*** Data for the task Section Begins ***
(* Let $G=(V,E)$ be a finite simple undirected graph, let $M$ be the matching computed by a run of \textsc{MinGreedy} on $G$, and let $M^*$ be a maximum matching of $G$ such that every connected component of $(V,M\cup M^* )$ with an edge is either an edge of $M\cap M^*$ or an $M$-$M^*$-path. Let $w$ be an endpoint of an $M$-$M^*$-path. Then the degree of $w$ in $G$ satisfies $d_G(w)\geq 2$; in particular, $w$ is incident with an edge of $F=E\setminus(M\cup M^* )$.
   Context: \textsc{MinGreedy}: starting with $M=\emptyset$, repeatedly select an arbitrary node $u$ of minimum non-zero current degree and an arbitrary neighbor $v$ of $u$, add $\{u,v\}$ to $M$ and remove all edges incident with $u$ or $v$ from the current graph, until no edges remain. An $M$-$M^*$-path is a connected component of $(V,M\cup M^* )$ that is an alternating path starting and ending with an $M^*$-edge and containing $m\geq1$ edges of $M$ and $m+1$ edges of $M^*$; its endpoints are its two end nodes (which are not covered by $M$). *)

theory Defs
  imports Main
begin

definition simple_graph :: "'a set \<Rightarrow> 'a set set \<Rightarrow> bool" where
  "simple_graph V E \<longleftrightarrow> finite V \<and>
     (\<forall>e\<in>E. \<exists>u v. e = {u, v} \<and> u \<noteq> v \<and> u \<in> V \<and> v \<in> V)"

definition degree :: "'a set set \<Rightarrow> 'a \<Rightarrow> nat" where
  "degree E x = card {e\<in>E. x \<in> e}"

definition matching :: "'a set set \<Rightarrow> bool" where
  "matching M \<longleftrightarrow> (\<forall>e1\<in>M. \<forall>e2\<in>M. e1 \<noteq> e2 \<longrightarrow> e1 \<inter> e2 = {})"

definition matching_of :: "'a set set \<Rightarrow> 'a set set \<Rightarrow> bool" where
  "matching_of E M \<longleftrightarrow> M \<subseteq> E \<and> matching M"

definition max_matching :: "'a set set \<Rightarrow> 'a set set \<Rightarrow> bool" where
  "max_matching E M \<longleftrightarrow> matching_of E M \<and>
     (\<forall>M'. matching_of E M' \<longrightarrow> card M' \<le> card M)"

definition min_nonzero_degree :: "'a set set \<Rightarrow> 'a \<Rightarrow> bool" where
  "min_nonzero_degree E u \<longleftrightarrow> degree E u > 0 \<and>
     (\<forall>x. degree E x > 0 \<longrightarrow> degree E u \<le> degree E x)"

inductive mg_reach :: "'a set set \<Rightarrow> 'a set set \<Rightarrow> 'a set set \<Rightarrow> bool" for E where
  start: "mg_reach E E {}"
| step: "\<lbrakk> mg_reach E Ec M; Ec \<noteq> {}; min_nonzero_degree Ec u; {u, v} \<in> Ec \<rbrakk>
         \<Longrightarrow> mg_reach E {e\<in>Ec. u \<notin> e \<and> v \<notin> e} (insert {u, v} M)"

definition mingreedy_result :: "'a set set \<Rightarrow> 'a set set \<Rightarrow> bool" where
  "mingreedy_result E M \<longleftrightarrow> mg_reach E {} M"

definition path_edges :: "'a list \<Rightarrow> 'a set set" where
  "path_edges ps = {{ps ! i, ps ! Suc i} | i. Suc i < length ps}"

text \<open>An M-M*-path: a connected component of (V, M \<union> Ms) that is an alternating
  path x_0 x_1 ... x_{2m+1} (m \<ge> 1) whose edges alternate M*, M, ..., M*
  (so m edges of M and m+1 edges of M*).  Being a whole component means
  that no other edge of M \<union> Ms touches a vertex of the path.\<close>
definition MMs_path :: "'a set set \<Rightarrow> 'a set set \<Rightarrow> 'a list \<Rightarrow> bool" where
  "MMs_path M Ms ps \<longleftrightarrow>
     distinct ps \<and> even (length ps) \<and> length ps \<ge> 4 \<and>
     (\<forall>i. Suc i < length ps \<longrightarrow>
        (even i \<longrightarrow> {ps ! i, ps ! Suc i} \<in> Ms - M) \<and>
        (odd i \<longrightarrow> {ps ! i, ps ! Suc i} \<in> M - Ms)) \<and>
     (\<forall>e\<in>M \<union> Ms. e \<inter> set ps \<noteq> {} \<longrightarrow> e \<in> path_edges ps)"

text \<open>Every connected component of (V, M \<union> Ms) with an edge is either a single edge
  of M \<inter> Ms or an M-M*-path; equivalently, every edge of M \<union> Ms is in M \<inter> Ms
  (whose component is then that single edge, both being matchings) or lies on
  an M-M*-path component.\<close>
definition components_ok :: "'a set set \<Rightarrow> 'a set set \<Rightarrow> bool" where
  "components_ok M Ms \<longleftrightarrow>
     (\<forall>e\<in>M \<union> Ms. e \<in> M \<inter> Ms \<or> (\<exists>ps. MMs_path M Ms ps \<and> e \<in> path_edges ps))"

end

theory Submission
  imports Defs
begin

text \<open>Suppose an endpoint w of an M-M*-path had degree at most 1 in G, so its only edge is its
  M*-edge on the path. As long as MinGreedy has not matched a vertex of the path, all
  path edges survive, so w keeps current degree 1 and every chosen vertex u has current
  degree 1. But an M-edge meeting the path lies on the path, and each of its endpoints
  is an inner vertex that still sees its M*-edge besides the M-edge, i.e. has current
  degree at least 2. Hence MinGreedy never matches a vertex of the path, contradicting
  that the path contains an edge of M. So d(w) \<ge> 2, and the second edge at w lies
  outside M \<union> M*, because the component condition leaves w only its M*-edge.\<close>

lemma simple_graph_finite_edges:
  assumes "simple_graph V E"
  shows "finite E"
proof (rule finite_subset)
  show "E \<subseteq> Pow V" using assms unfolding simple_graph_def by auto
  show "finite (Pow V)" using assms unfolding simple_graph_def by simp
qed

lemma degree_pos: "\<lbrakk>finite E; e \<in> E; x \<in> e\<rbrakk> \<Longrightarrow> 0 < degree E x"
  unfolding degree_def by (subst card_gt_0_iff) auto

lemma two_le_degree:
  assumes "finite E" "e1 \<in> E" "e2 \<in> E" "e1 \<noteq> e2" "x \<in> e1" "x \<in> e2"
  shows "2 \<le> degree E x"
proof -
  have "card {e1, e2} \<le> degree E x"
    unfolding degree_def using assms by (intro card_mono) auto
  then show ?thesis using assms(4) by simp
qed

lemma degree_mono: "\<lbrakk>finite E; E' \<subseteq> E\<rbrakk> \<Longrightarrow> degree E' x \<le> degree E x"
  unfolding degree_def by (intro card_mono) auto

lemma mg_reach_current_edges:
  "mg_reach E Ec M' \<Longrightarrow> Ec = {e\<in>E. \<forall>f\<in>M'. e \<inter> f = {}}"
  by (induction rule: mg_reach.induct) auto

text \<open>All edges inside S survive while S is untouched, so an endpoint of an M-edge meeting S
  has current degree at least 2, whereas w keeps current degree at most 1; hence MinGreedy
  never picks such an endpoint.\<close>

lemma mg_reach_avoids:
  assumes "mg_reach E Ec M'" "M' \<subseteq> M" "finite E"
    and "e0 \<in> E" "w \<in> e0" "e0 \<subseteq> S" "degree E w \<le> 1"
    and covered: "\<And>f x. \<lbrakk>f \<in> M; f \<inter> S \<noteq> {}; x \<in> f\<rbrakk> \<Longrightarrow> \<exists>g\<in>E. x \<in> g \<and> g \<subseteq> S \<and> g \<noteq> f"
  shows "\<forall>f\<in>M'. f \<inter> S = {}"
  using assms(1,2)
proof (induction rule: mg_reach.induct)
  case start
  then show ?case by simp
next
  case (step Ec M' u v)
  then have untouched: "\<forall>f\<in>M'. f \<inter> S = {}" by simp
  have Ec: "Ec = {e\<in>E. \<forall>f\<in>M'. e \<inter> f = {}}"
    using step.hyps(1) by (rule mg_reach_current_edges)
  have inside_Ec: "g \<in> Ec" if "g \<in> E" "g \<subseteq> S" for g
    using that untouched Ec by blast
  have "finite Ec" using Ec \<open>finite E\<close> by simp
  have "{u, v} \<inter> S = {}"
  proof (rule ccontr)
    assume "{u, v} \<inter> S \<noteq> {}"
    moreover have "{u, v} \<in> M" using step.prems by simp
    ultimately obtain g where g: "g \<in> E" "u \<in> g" "g \<subseteq> S" "g \<noteq> {u, v}"
      using covered[of "{u, v}" u] by blast
    have "2 \<le> degree Ec u"
      using g by (intro two_le_degree[OF \<open>finite Ec\<close> inside_Ec[OF g(1,3)] step.hyps(4)]) auto
    moreover have "e0 \<in> Ec" using inside_Ec assms(4,6) by blast
    then have "0 < degree Ec w" using degree_pos[OF \<open>finite Ec\<close> _ assms(5)] by blast
    then have "degree Ec u \<le> degree Ec w"
      using step.hyps(3) unfolding min_nonzero_degree_def by blast
    moreover have "degree Ec w \<le> 1"
      using degree_mono[OF \<open>finite E\<close>, of Ec w] Ec assms(7) by auto
    ultimately show False by simp
  qed
  then show ?case using untouched by simp
qed

lemma MMs_path_component:
  "\<lbrakk>MMs_path M Ms ps; e \<in> M \<union> Ms; e \<inter> set ps \<noteq> {}\<rbrakk> \<Longrightarrow> e \<in> path_edges ps"
  unfolding MMs_path_def by blast

lemma MMs_path_edge:
  assumes "MMs_path M Ms ps" "Suc i < length ps"
  shows "even i \<Longrightarrow> {ps ! i, ps ! Suc i} \<in> Ms - M"
    and "odd i \<Longrightarrow> {ps ! i, ps ! Suc i} \<in> M - Ms"
  using assms unfolding MMs_path_def by blast+

lemma MMs_path_M_edge_covered:
  assumes P: "MMs_path M Ms ps" and "f \<in> M" "f \<inter> set ps \<noteq> {}" "x \<in> f"
  shows "\<exists>g\<in>Ms. x \<in> g \<and> g \<subseteq> set ps \<and> g \<noteq> f"
proof -
  have "f \<in> path_edges ps" using MMs_path_component[OF P] assms(2,3) by blast
  then obtain i where i: "f = {ps ! i, ps ! Suc i}" "Suc i < length ps"
    unfolding path_edges_def by blast
  have "odd i" using MMs_path_edge(1)[OF P i(2)] \<open>f \<in> M\<close> i(1) by auto
  have "even (length ps)" using P unfolding MMs_path_def by simp
  with \<open>odd i\<close> have "Suc (Suc i) \<noteq> length ps" by (metis even_Suc_Suc_iff)
  with i(2) have "Suc (Suc i) < length ps" by linarith
  have before: "{ps ! (i - 1), ps ! i} \<in> Ms - M"
    using MMs_path_edge(1)[OF P, of "i - 1"] \<open>odd i\<close> odd_pos[OF \<open>odd i\<close>] i(2) by simp
  have after: "{ps ! Suc i, ps ! Suc (Suc i)} \<in> Ms - M"
    using MMs_path_edge(1)[OF P, of "Suc i"] \<open>odd i\<close> \<open>Suc (Suc i) < length ps\<close> by simp
  have "x = ps ! i \<or> x = ps ! Suc i" using \<open>x \<in> f\<close> i(1) by simp
  then show ?thesis
  proof
    assume "x = ps ! i"
    then show ?thesis using before \<open>f \<in> M\<close> i(2) by (intro bexI[of _ "{ps ! (i - 1), ps ! i}"]) auto
  next
    assume "x = ps ! Suc i"
    then show ?thesis using after \<open>f \<in> M\<close> \<open>Suc (Suc i) < length ps\<close>
      by (intro bexI[of _ "{ps ! Suc i, ps ! Suc (Suc i)}"]) auto
  qed
qed

lemma path_edges_rev: "path_edges (rev ps) = path_edges ps"
proof -
  have "path_edges (rev xs) \<subseteq> path_edges xs" for xs :: "'b list"
  proof
    fix e assume "e \<in> path_edges (rev xs)"
    then obtain i where i: "e = {rev xs ! i, rev xs ! Suc i}" "Suc i < length xs"
      unfolding path_edges_def by auto
    let ?j = "length xs - Suc (Suc i)"
    have "e = {xs ! ?j, xs ! Suc ?j}" "Suc ?j < length xs"
      using i by (auto simp: rev_nth Suc_diff_Suc)
    then show "e \<in> path_edges xs" unfolding path_edges_def by blast
  qed
  from this[of ps] this[of "rev ps"] show ?thesis by simp
qed

lemma MMs_path_rev:
  assumes P: "MMs_path M Ms ps"
  shows "MMs_path M Ms (rev ps)"
proof -
  have alternating: "(even i \<longrightarrow> {rev ps ! i, rev ps ! Suc i} \<in> Ms - M) \<and>
      (odd i \<longrightarrow> {rev ps ! i, rev ps ! Suc i} \<in> M - Ms)" if "Suc i < length ps" for i
  proof -
    let ?j = "length ps - Suc (Suc i)"
    have "even (length ps)" using P unfolding MMs_path_def by simp
    then have "even ?j \<longleftrightarrow> even i" using that by simp
    moreover have "{rev ps ! i, rev ps ! Suc i} = {ps ! ?j, ps ! Suc ?j}" "Suc ?j < length ps"
      using that by (auto simp: rev_nth Suc_diff_Suc)
    ultimately show ?thesis using MMs_path_edge[OF P] by metis
  qed
  show ?thesis
    using P alternating unfolding MMs_path_def path_edges_rev by simp
qed

lemma MMs_path_hd_edge:
  assumes P: "MMs_path M Ms ps"
  shows "\<exists>e0\<in>Ms. hd ps \<in> e0 \<and> e0 \<subseteq> set ps \<and> (\<forall>e\<in>M \<union> Ms. hd ps \<in> e \<longrightarrow> e = e0)"
proof (intro bexI conjI ballI impI)
  have "distinct ps" "1 < length ps" using P unfolding MMs_path_def by auto
  then have hd: "hd ps = ps ! 0" by (cases ps) auto
  then show "hd ps \<in> {ps ! 0, ps ! 1}" by simp
  show "{ps ! 0, ps ! 1} \<subseteq> set ps" using \<open>1 < length ps\<close> by (auto intro!: nth_mem)
  show "{ps ! 0, ps ! 1} \<in> Ms" using MMs_path_edge(1)[OF P, of 0] \<open>1 < length ps\<close> by simp
  fix e assume "e \<in> M \<union> Ms" "hd ps \<in> e"
  moreover have "hd ps \<in> set ps" using hd \<open>1 < length ps\<close> by (auto intro!: nth_mem)
  ultimately have "e \<in> path_edges ps" using MMs_path_component[OF P] by blast
  then obtain i where i: "e = {ps ! i, ps ! Suc i}" "Suc i < length ps"
    unfolding path_edges_def by blast
  moreover have "ps ! 0 = ps ! i \<or> ps ! 0 = ps ! Suc i" using \<open>hd ps \<in> e\<close> hd i(1) by simp
  ultimately have "i = 0" using \<open>distinct ps\<close>
    by (metis Suc_lessD nat.distinct(1) nth_eq_iff_index_eq zero_less_Suc order.strict_trans)
  then show "e = {ps ! 0, ps ! 1}" using i by simp
qed

lemma MMs_path_end_edge:
  assumes "MMs_path M Ms ps" "w = hd ps \<or> w = last ps"
  shows "\<exists>e0\<in>Ms. w \<in> e0 \<and> e0 \<subseteq> set ps \<and> (\<forall>e\<in>M \<union> Ms. w \<in> e \<longrightarrow> e = e0)"
  using assms MMs_path_hd_edge[OF assms(1)] MMs_path_hd_edge[OF MMs_path_rev[OF assms(1)]]
  by (auto simp: hd_rev)

theorem lemma2:
  fixes V :: "'a set" and E M Ms :: "'a set set" and ps :: "'a list" and w :: 'a
  assumes "simple_graph V E"
    and "mingreedy_result E M"
    and "max_matching E Ms"
    and "components_ok M Ms"
    and "MMs_path M Ms ps"
    and "w = hd ps \<or> w = last ps"
  shows "degree E w \<ge> 2 \<and> (\<exists>e\<in>E - (M \<union> Ms). w \<in> e)"
proof -
  have "finite E" using assms(1) by (rule simple_graph_finite_edges)
  have "Ms \<subseteq> E" using assms(3) unfolding max_matching_def matching_of_def by blast
  obtain e0 where e0: "e0 \<in> Ms" "w \<in> e0" "e0 \<subseteq> set ps" "\<forall>e\<in>M \<union> Ms. w \<in> e \<longrightarrow> e = e0"
    using MMs_path_end_edge[OF assms(5,6)] by blast
  have deg: "2 \<le> degree E w"
  proof (rule ccontr)
    assume "\<not> 2 \<le> degree E w"
    then have "degree E w \<le> 1" by simp
    moreover have "\<exists>g\<in>E. x \<in> g \<and> g \<subseteq> set ps \<and> g \<noteq> f"
      if "f \<in> M" "f \<inter> set ps \<noteq> {}" "x \<in> f" for f x
      using MMs_path_M_edge_covered[OF assms(5) that] \<open>Ms \<subseteq> E\<close> by blast
    moreover have "e0 \<in> E" using e0(1) \<open>Ms \<subseteq> E\<close> by blast
    moreover have "mg_reach E {} M" using assms(2) unfolding mingreedy_result_def .
    ultimately have untouched: "\<forall>f\<in>M. f \<inter> set ps = {}"
      using mg_reach_avoids[of E "{}" M M, OF _ order_refl \<open>finite E\<close> _ e0(2,3)] by blast
    have "Suc 1 < length ps" using assms(5) unfolding MMs_path_def by simp
    then have "{ps ! 1, ps ! Suc 1} \<in> M" "ps ! 1 \<in> set ps"
      using MMs_path_edge(2)[OF assms(5), of 1] by auto
    then show False using untouched by auto
  qed
  then have "\<not> {e\<in>E. w \<in> e} \<subseteq> {e0}"
    using card_mono[of "{e0}" "{e\<in>E. w \<in> e}"] unfolding degree_def by auto
  then obtain e where "e \<in> E" "w \<in> e" "e \<noteq> e0" by blast
  then show ?thesis using deg e0(4) by blast
qed

end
*** Data for the task Section Ends ***
Exercise >> Within the entries above, find every line where the string "False" occurs, and copy it.

Solution >>
    ultimately show False by simp
    then show False using untouched by auto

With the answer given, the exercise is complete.